-------- PROVIDED DATA --------
(* Let $(X,b,m)$ be a connected weighted graph satisfying conditions (B) and (M), and let $D\subset X$ be non-empty. Then there exists a Voronoi decomposition of $X$ with centers from $D$. Moreover, whenever $R=\mathrm{Covr}(D)$ is finite, every Voronoi decomposition $(V_p)_{p\in D}$ of $X$ with centers from $D$ satisfies $V_p\subset B_R(p)$ for all $p\in D$.
   Context: A weighted graph $(X,b,m)$: $X$ countable, $b:X\times X\to[0,\infty)$ symmetric with $b(x,x)=0$ and $\sum_y b(x,y)<\infty$, $m:X\to(0,\infty)$. Condition (B): $\sup_x\frac{1}{m(x)}\sum_y b(x,y)<\infty$. Condition (M): $\sup_x m(x)<\infty$. A path from $x_0$ to $x_k$ is $\gamma=(x_0,\dots,x_k)$ with $b(x_j,x_{j+1})>0$, of length $L(\gamma)=\sum_{j=0}^{k-1}1/b(x_j,x_{j+1})$ (trivial paths have length $0$); it lies in a set $V$ if all $x_j\in V$. Connected means any two points are joined by a path; $d(x,y)$ is the infimum of lengths of paths from $x$ to $y$; $B_r(x):=\{y:d(x,y)\le r\}$. $\mathrm{Covr}(D):=\inf\{R>0:\bigcup_{p\in D}B_R(p)=X\}\in[0,\infty]$. A Voronoi decomposition of $X$ with centers from $D$ is a pairwise disjoint family $(V_p)_{p\in D}$ of subsets of $X$ such that: (V1) for each $p\in D$, $p\in V_p$, and for every $x\in V_p$ there is a path from $p$ to $x$ lying in $V_p$ with length $d(p,x)$; (V2) for each $p\in D$ and $x\in V_p$, $d(p,x)\le d(q,x)$ for all $q\in D$; (V3) $\bigcup_{p\in D}V_p=X$. *)

theory Defs
  imports "HOL-Analysis.Analysis"
begin

definition weighted_graph :: "'a set \<Rightarrow> ('a \<Rightarrow> 'a \<Rightarrow> real) \<Rightarrow> ('a \<Rightarrow> real) \<Rightarrow> bool" where
  "weighted_graph X b m \<longleftrightarrow> countable X \<and>
     (\<forall>x\<in>X. \<forall>y\<in>X. 0 \<le> b x y \<and> b x y = b y x) \<and>
     (\<forall>x\<in>X. b x x = 0) \<and>
     (\<forall>x\<in>X. (b x) summable_on X) \<and>
     (\<forall>x\<in>X. 0 < m x)"

definition cond_B :: "'a set \<Rightarrow> ('a \<Rightarrow> 'a \<Rightarrow> real) \<Rightarrow> ('a \<Rightarrow> real) \<Rightarrow> bool" where
  "cond_B X b m \<longleftrightarrow> (\<exists>C. \<forall>x\<in>X. infsum (b x) X / m x \<le> C)"

definition cond_M :: "'a set \<Rightarrow> ('a \<Rightarrow> real) \<Rightarrow> bool" where
  "cond_M X m \<longleftrightarrow> (\<exists>C. \<forall>x\<in>X. m x \<le> C)"

definition is_path :: "'a set \<Rightarrow> ('a \<Rightarrow> 'a \<Rightarrow> real) \<Rightarrow> 'a list \<Rightarrow> 'a \<Rightarrow> 'a \<Rightarrow> bool" where
  "is_path X b \<gamma> x y \<longleftrightarrow> \<gamma> \<noteq> [] \<and> hd \<gamma> = x \<and> last \<gamma> = y \<and> set \<gamma> \<subseteq> X \<and>
     (\<forall>j. Suc j < length \<gamma> \<longrightarrow> 0 < b (\<gamma> ! j) (\<gamma> ! Suc j))"

definition path_length :: "('a \<Rightarrow> 'a \<Rightarrow> real) \<Rightarrow> 'a list \<Rightarrow> real" where
  "path_length b \<gamma> = (\<Sum>j<length \<gamma> - 1. 1 / b (\<gamma> ! j) (\<gamma> ! Suc j))"

definition graph_connected :: "'a set \<Rightarrow> ('a \<Rightarrow> 'a \<Rightarrow> real) \<Rightarrow> bool" where
  "graph_connected X b \<longleftrightarrow> (\<forall>x\<in>X. \<forall>y\<in>X. \<exists>\<gamma>. is_path X b \<gamma> x y)"

definition gdist :: "'a set \<Rightarrow> ('a \<Rightarrow> 'a \<Rightarrow> real) \<Rightarrow> 'a \<Rightarrow> 'a \<Rightarrow> real" where
  "gdist X b x y = Inf {path_length b \<gamma> | \<gamma>. is_path X b \<gamma> x y}"

definition gball :: "'a set \<Rightarrow> ('a \<Rightarrow> 'a \<Rightarrow> real) \<Rightarrow> 'a \<Rightarrow> real \<Rightarrow> 'a set" where
  "gball X b x r = {y \<in> X. gdist X b x y \<le> r}"

text \<open>Covering radius, valued in [0,\<infinity>] (Inf of the empty set is \<infinity>).\<close>
definition Covr :: "'a set \<Rightarrow> ('a \<Rightarrow> 'a \<Rightarrow> real) \<Rightarrow> 'a set \<Rightarrow> ereal" where
  "Covr X b D = Inf (ereal ` {R. 0 < R \<and> (\<Union>p\<in>D. gball X b p R) = X})"

definition voronoi_decomposition ::
  "'a set \<Rightarrow> ('a \<Rightarrow> 'a \<Rightarrow> real) \<Rightarrow> 'a set \<Rightarrow> ('a \<Rightarrow> 'a set) \<Rightarrow> bool" where
  "voronoi_decomposition X b D V \<longleftrightarrow>
     (\<forall>p\<in>D. \<forall>q\<in>D. p \<noteq> q \<longrightarrow> V p \<inter> V q = {}) \<and>
     (\<forall>p\<in>D. p \<in> V p \<and>
        (\<forall>x\<in>V p. \<exists>\<gamma>. is_path X b \<gamma> p x \<and> set \<gamma> \<subseteq> V p \<and> path_length b \<gamma> = gdist X b p x)) \<and>
     (\<forall>p\<in>D. \<forall>x\<in>V p. \<forall>q\<in>D. gdist X b p x \<le> gdist X b q x) \<and>
     (\<Union>p\<in>D. V p) = X"

end

theory Submission
  imports Defs
begin
(* Let $\Bbbk=\mathbb Z$ or $\mathbb Q$. Let $x,y,z$ be a basis of $H^2(BT^3;\mathbb Z)$ and let $\tilde\Gamma$ be the $3$-valent unsigned GKM graph with $T^3$-labeling on the complete bipartite graph with vertices $1,\dots,6$ and edges $16,25,34$ labeled $x$, edges $12,36,45$ labeled $y$, and edges $14,23,56$ labeled $z$ (with the connection mapping, along each edge, the edge with a given label to the edge with the same label). Let $\Gamma$ be the unsigned GKM graph of the $T^2$-action on the flag manifold $\mathrm{SU}(3)/T^2$ by left multiplication, and let $p\colon H^2(BT^3;\mathbb Z)\to H^2(BT^2;\mathbb Z)$ be an epimorphism such that $\tilde\Gamma$ extends $\Gamma$ (same graph and connection, $p\circ\alpha_{\tilde\Gamma}=\alpha_\Gamma$ modulo signs). Then $H^*_{T^3}(\tilde\Gamma;\Bbbk)$ is not a free $H^*(BT^3;\Bbbk)$-module, and the induced map $p_*\colon H^*_{T^3}(\tilde\Gamma;\Bbbk)\to H^*_{T^2}(\Gamma;\Bbbk)$, $f\mapsto p\circ f$, is not surjective.
   Context: For a graph with axial function $\alpha$ (values in $H^2(BT;\mathbb Z)/\{\pm1\}$), the equivariant graph cohomology is $H^*_T(\Gamma;\Bbbk)=\{f\colon V\to H^*(BT;\Bbbk)\mid f(t(e))-f(i(e))\in(\alpha(e))\ \forall e\}$, a module over the polynomial ring $H^*(BT;\Bbbk)$. The GKM graph of $\mathrm{SU}(3)/T^2$ has the six $T^2$-fixed points as vertices, forms a complete bipartite graph $K_{3,3}$, and its labels at every vertex are the three positive roots of $\mathrm{SU}(3)$ modulo sign; such an epimorphism $p$ exists (sending $x,y,z$ to the three positive roots suitably). *)

theory Defs
  imports Main "HOL-Computational_Algebra.Polynomial" "HOL-Library.Product_Plus"
    "HOL-Combinatorics.Transposition" "HOL-Library.Function_Algebras" "HOL-Combinatorics.Permutations"
begin

type_synonym lat3 = "int \<times> int \<times> int"   \<comment> \<open>H^2(BT^3;Z) in standard coordinates\<close>
type_synonym lat2 = "int \<times> int"           \<comment> \<open>H^2(BT^2;Z), basis a1, a2 (simple roots)\<close>

definition smul3 :: "int \<Rightarrow> lat3 \<Rightarrow> lat3" where
  "smul3 c v = (c * fst v, c * fst (snd v), c * snd (snd v))"

definition is_basis3 :: "lat3 \<Rightarrow> lat3 \<Rightarrow> lat3 \<Rightarrow> bool" where
  "is_basis3 x y z \<longleftrightarrow>
     (\<forall>v. \<exists>!c::int \<times> int \<times> int.
        v = smul3 (fst c) x + smul3 (fst (snd c)) y + smul3 (snd (snd c)) z)"

text \<open>H^*(BT^3;k) = k[X,Y,Z] as 'k poly poly poly (X outermost, Z innermost).\<close>
definition varX :: "'k::comm_ring_1 poly poly poly" where "varX = [:0, 1:]"
definition varY :: "'k::comm_ring_1 poly poly poly" where "varY = [:[:0, 1:]:]"
definition varZ :: "'k::comm_ring_1 poly poly poly" where "varZ = [:[:[:0, 1:]:]:]"

text \<open>H^*(BT^2;k) = k[U,V] as 'k poly poly; U,V correspond to a1,a2.\<close>
definition varU :: "'k::comm_ring_1 poly poly" where "varU = [:0, 1:]"
definition varV :: "'k::comm_ring_1 poly poly" where "varV = [:[:0, 1:]:]"

definition lin3 :: "lat3 \<Rightarrow> 'k::comm_ring_1 poly poly poly" where
  "lin3 v = of_int (fst v) * varX + of_int (fst (snd v)) * varY + of_int (snd (snd v)) * varZ"

definition lin2 :: "lat2 \<Rightarrow> 'k::comm_ring_1 poly poly" where
  "lin2 v = of_int (fst v) * varU + of_int (snd v) * varV"

definition eval3 :: "'k::comm_ring_1 poly poly \<Rightarrow> 'k poly poly \<Rightarrow> 'k poly poly
                       \<Rightarrow> 'k poly poly poly \<Rightarrow> 'k poly poly" where
  "eval3 a b c P =
     poly (map_poly (\<lambda>Q. poly (map_poly (\<lambda>R. poly (map_poly (\<lambda>r. [:[:r:]:]) R) c) Q) b) P) a"

text \<open>The ring map H^*(BT^3;k) -> H^*(BT^2;k) induced by p : H^2(BT^3;Z) -> H^2(BT^2;Z).\<close>
definition pring :: "(lat3 \<Rightarrow> lat2) \<Rightarrow> 'k::comm_ring_1 poly poly poly \<Rightarrow> 'k poly poly" where
  "pring p = eval3 (lin2 (p (1,0,0))) (lin2 (p (0,1,0))) (lin2 (p (0,0,1)))"

text \<open>Edges are triples (i(e), t(e), label); the label is already a polynomial (degree 2).\<close>
definition graph_cohom :: "'v set \<Rightarrow> ('v \<times> 'v \<times> 'r::comm_ring_1) set \<Rightarrow> ('v \<Rightarrow> 'r) set" where
  "graph_cohom V E = {f. (\<forall>v. v \<notin> V \<longrightarrow> f v = 0) \<and> (\<forall>(a, b, l) \<in> E. l dvd (f b - f a))}"

definition free_submodule :: "('v \<Rightarrow> 'r::comm_ring_1) set \<Rightarrow> bool" where
  "free_submodule M \<longleftrightarrow>
     (\<exists>B. B \<subseteq> M \<and> \<not> module.dependent (\<lambda>r f v. r * f v) B
          \<and> module.span (\<lambda>r f v. r * f v) B = M)"

definition Etilde :: "lat3 \<Rightarrow> lat3 \<Rightarrow> lat3 \<Rightarrow> (nat \<times> nat \<times> lat3) set" where
  "Etilde x y z = {(1,6,x), (2,5,x), (3,4,x), (1,2,y), (3,6,y), (4,5,y), (1,4,z), (2,3,z), (5,6,z)}"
--------
→ WORK REQUIRED
Copy out precisely the lines from the line with "X b \<longleftrightarrow>" to the line with "real \<Rightarrow> 'a" in the material above, including those two lines and omitting all the rest.

→ PROBLEM SOLUTION
  "graph_connected X b \<longleftrightarrow> (\<forall>x\<in>X. \<forall>y\<in>X. \<exists>\<gamma>. is_path X b \<gamma> x y)"

definition gdist :: "'a set \<Rightarrow> ('a \<Rightarrow> 'a \<Rightarrow> real) \<Rightarrow> 'a \<Rightarrow> 'a \<Rightarrow> real" where
  "gdist X b x y = Inf {path_length b \<gamma> | \<gamma>. is_path X b \<gamma> x y}"

definition gball :: "'a set \<Rightarrow> ('a \<Rightarrow> 'a \<Rightarrow> real) \<Rightarrow> 'a \<Rightarrow> real \<Rightarrow> 'a set" where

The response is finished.